The new study found that the deleterious effects of mutations on reproduction
rose dramatically with age during the reproductive years in both genotypes
– homozygous (those with many identical genes, or inbreeding)
and heterozygous (those having a variety of genes present). Reproductive
success declined more rapidly, however, in the homozygous lines, as
predicted by the MA theory.
"This study allowed us to detect certain kinds of genetic effects
called dominance variance that are predicted to increase with age only
under the MA theory," Hughes said. "The power to detect these
effects is critical to tests of evolutionary aging theories, because
an age-related increase appears to be a unique prediction of the MA
theory, while other kinds of genetic effects can increase under either
model."
While the study shows support for the MA theory, the scenario under
the antagonistic pleiotrophy theory is not discounted. "They are
not mutually exclusive," Hughes said. "They can both be happening.
Both kinds of genes can be accumulating."
If geneticists try to remove bad late-in-life effects of a gene that
has a positive role early in life, then its overall function could be
negatively altered in future generations, Hughes said.
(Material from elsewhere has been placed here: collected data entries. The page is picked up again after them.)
(* Let $(R,\mathfrak m)$ be a Noetherian local ring, let $I\subseteq R$ be an ideal and let $J=(f_1,\ldots,f_t)\subseteq I$ with $\nu_I(f_i)=1$ for $i=1,\ldots,t$. Consider the complex of graded $\mathrm{gr}_I(R)$-modules $$0\to \mathrm{gr}(\mathcal Z)\xrightarrow{\mathrm{gr}(i)}\mathrm{gr}(R^t)\xrightarrow{\mathrm{gr}(\mathfrak f)}\mathrm{gr}_I(R)\xrightarrow{\mathrm{gr}(\pi)}\mathrm{gr}_{I/J}(R/J)\to 0 \qquad ( * )$$ described in the context. The following are equivalent: (a) the natural surjection $\mathcal A_{R/J}(I/J)\to \mathcal R_{R/J}(I/J)$ is an isomorphism, i.e. $J\cap I^n=JI^{n-1}$ for all $n\ge 1$; (b) the complex $( * )$ is exact; (c) there exists a homogeneous system of generators of $\mathrm{Syz}(f_1^*,\ldots,f_t^* )$ each of whose elements is of the form $(\varphi\circ\psi)(a)$ for some $a\in\mathcal Z$.
   Context: For $f\in R$, $\nu_I(f)$ is the largest $n$ with $f\in I^n$ ($\infty$ if none), and $f^*$ is the class of $f$ in $I^{\nu_I(f)}/I^{\nu_I(f)+1}\subseteq \mathrm{gr}_I(R)=\bigoplus_{n\ge0}I^n/I^{n+1}$ (with $f^*=0$ if $\nu_I(f)=\infty$). The Aluffi algebra is $\mathcal A_{R/J}(I/J)=\bigoplus_{n\ge0}I^n/JI^{n-1}$ (with $I^0=R$, $JI^{-1}:=J$ in degree 0), the Rees algebra is $\mathcal R_{R/J}(I/J)=\bigoplus_{n\ge0}I^n/(J\cap I^n)$, and the natural surjection is induced by identity on $I^n$. Let $\mathfrak f:R^t\to R$, $(a_1,\ldots,a_t)\mapsto\sum a_if_i$, let $\mathcal Z=\ker\mathfrak f$ (first syzygy module of $f_1,\dots,f_t$), $i:\mathcal Z\hookrightarrow R^t$ the inclusion and $\pi:R\to R/J$ the projection. Filter $R$ by $I^n$, $R^t$ by $F_nR^t=(I^{n-1})^{\oplus t}$ (with $I^{m}=R$ for $m\le 0$), $\mathcal Z$ by $F_n\mathcal Z=\mathcal Z\cap F_nR^t$, and $R/J$ by $(I/J)^n$. The associated graded modules are $\mathrm{gr}(M)=\bigoplus_n F_nM/F_{n+1}M$; $\mathrm{gr}(R^t)\cong\mathrm{gr}_I(R)(-1)^t$, $\mathrm{gr}(\mathfrak f)$ sends the $i$-th basis vector $e_i$ to $f_i^*$, $\mathrm{gr}(i)$ is induced by inclusion and $\mathrm{gr}(\pi)$ is the natural surjection. $\mathrm{Syz}(f_1^*,\dots,f_t^* )=\ker \mathrm{gr}(\mathfrak f)$. For $0\neq a=(a_1,\ldots,a_t)\in\mathcal Z$ with $m-1=\min_j\nu_I(a_j)$, $\psi(a)$ is the class of $a$ in $F_m\mathcal Z/F_{m+1}\mathcal Z$, and $\varphi:\mathrm{gr}(\mathcal Z)\hookrightarrow \mathrm{Syz}(f_1^*,\ldots,f_t^* )$ is the canonical embedding, so that $(\varphi\circ\psi)(a)=(\overline{a_1},\ldots,\overline{a_t})$ with $\overline{a_i}$ the class of $a_i$ in $I^{m-1}/I^m$. *)

theory Defs
  imports Main "HOL-Library.Extended_Nat"
begin

definition is_ideal :: "'a::comm_ring_1 set \<Rightarrow> bool" where
  "is_ideal I \<longleftrightarrow> 0 \<in> I \<and> (\<forall>x\<in>I. \<forall>y\<in>I. x + y \<in> I) \<and> (\<forall>r x. x \<in> I \<longrightarrow> r * x \<in> I)"

definition ideal_gen :: "'a::comm_ring_1 set \<Rightarrow> 'a set" where
  "ideal_gen S = \<Inter>{K. is_ideal K \<and> S \<subseteq> K}"

definition ideal_mult :: "'a::comm_ring_1 set \<Rightarrow> 'a set \<Rightarrow> 'a set" where
  "ideal_mult I K = ideal_gen {x * y | x y. x \<in> I \<and> y \<in> K}"

fun ideal_pow :: "'a::comm_ring_1 set \<Rightarrow> nat \<Rightarrow> 'a set" where
  "ideal_pow I 0 = UNIV"
| "ideal_pow I (Suc n) = ideal_mult I (ideal_pow I n)"

definition set_plus_ideal :: "'a::comm_ring_1 set \<Rightarrow> 'a set \<Rightarrow> 'a set" where
  "set_plus_ideal A B = {x + y | x y. x \<in> A \<and> y \<in> B}"

definition noetherian_ring :: "'a::comm_ring_1 itself \<Rightarrow> bool" where
  "noetherian_ring _ \<longleftrightarrow> (\<forall>K::'a set. is_ideal K \<longrightarrow> (\<exists>F. finite F \<and> K = ideal_gen F))"

definition maximal_ideal :: "'a::comm_ring_1 set \<Rightarrow> bool" where
  "maximal_ideal M \<longleftrightarrow> is_ideal M \<and> M \<noteq> UNIV \<and>
     (\<forall>K. is_ideal K \<longrightarrow> M \<subseteq> K \<longrightarrow> K = M \<or> K = UNIV)"

definition local_ring :: "'a::comm_ring_1 itself \<Rightarrow> bool" where
  "local_ring _ \<longleftrightarrow> (\<exists>!M::'a set. maximal_ideal M)"

definition nu :: "'a::comm_ring_1 set \<Rightarrow> 'a \<Rightarrow> enat" where
  "nu I x = (if \<forall>n. x \<in> ideal_pow I n then \<infinity> else enat (GREATEST n. x \<in> ideal_pow I n))"

definition Rt :: "nat \<Rightarrow> (nat \<Rightarrow> 'a::comm_ring_1) set" where
  "Rt t = {a. \<forall>i\<ge>t. a i = 0}"

text \<open>F_n R^t = (I^(n-1))^t, with I^m = R for m <= 0 (nat subtraction truncates).\<close>
definition Fvec :: "'a::comm_ring_1 set \<Rightarrow> nat \<Rightarrow> nat \<Rightarrow> (nat \<Rightarrow> 'a) set" where
  "Fvec I t n = {a \<in> Rt t. \<forall>i<t. a i \<in> ideal_pow I (n - 1)}"

definition fmap :: "(nat \<Rightarrow> 'a::comm_ring_1) \<Rightarrow> nat \<Rightarrow> (nat \<Rightarrow> 'a) \<Rightarrow> 'a" where
  "fmap f t a = (\<Sum>i<t. a i * f i)"

definition Zmod :: "(nat \<Rightarrow> 'a::comm_ring_1) \<Rightarrow> nat \<Rightarrow> (nat \<Rightarrow> 'a) set" where
  "Zmod f t = {a \<in> Rt t. fmap f t a = 0}"

definition FZ :: "'a::comm_ring_1 set \<Rightarrow> (nat \<Rightarrow> 'a) \<Rightarrow> nat \<Rightarrow> nat \<Rightarrow> (nat \<Rightarrow> 'a) set" where
  "FZ I f t n = Zmod f t \<inter> Fvec I t n"

text \<open>Degree n of gr(Z) -> gr(R^t) is injective:
  F_n Z / F_(n+1) Z -> F_n R^t / F_(n+1) R^t.\<close>
definition gr_i_injective :: "'a::comm_ring_1 set \<Rightarrow> (nat \<Rightarrow> 'a) \<Rightarrow> nat \<Rightarrow> bool" where
  "gr_i_injective I f t \<longleftrightarrow>
     (\<forall>n. \<forall>z\<in>FZ I f t n. z \<in> Fvec I t (n + 1) \<longrightarrow> z \<in> FZ I f t (n + 1))"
Manipulating
genes with no early life benefits to negate their deleterious late life
effects, she said, might not cause negative evolutionary changes in
the future.
The authors of the paper are Hughes, postdoctoral researcher Jenny M.
Drnevich and doctoral student Rose M. Reynolds, all of Illinois, and
former postdoctoral associate Julie A. Alipaz, who now is at Harvard
University.
The National Science Foundation, National Institutes of Health and the
School of Integrative Biology at Illinois funded the research.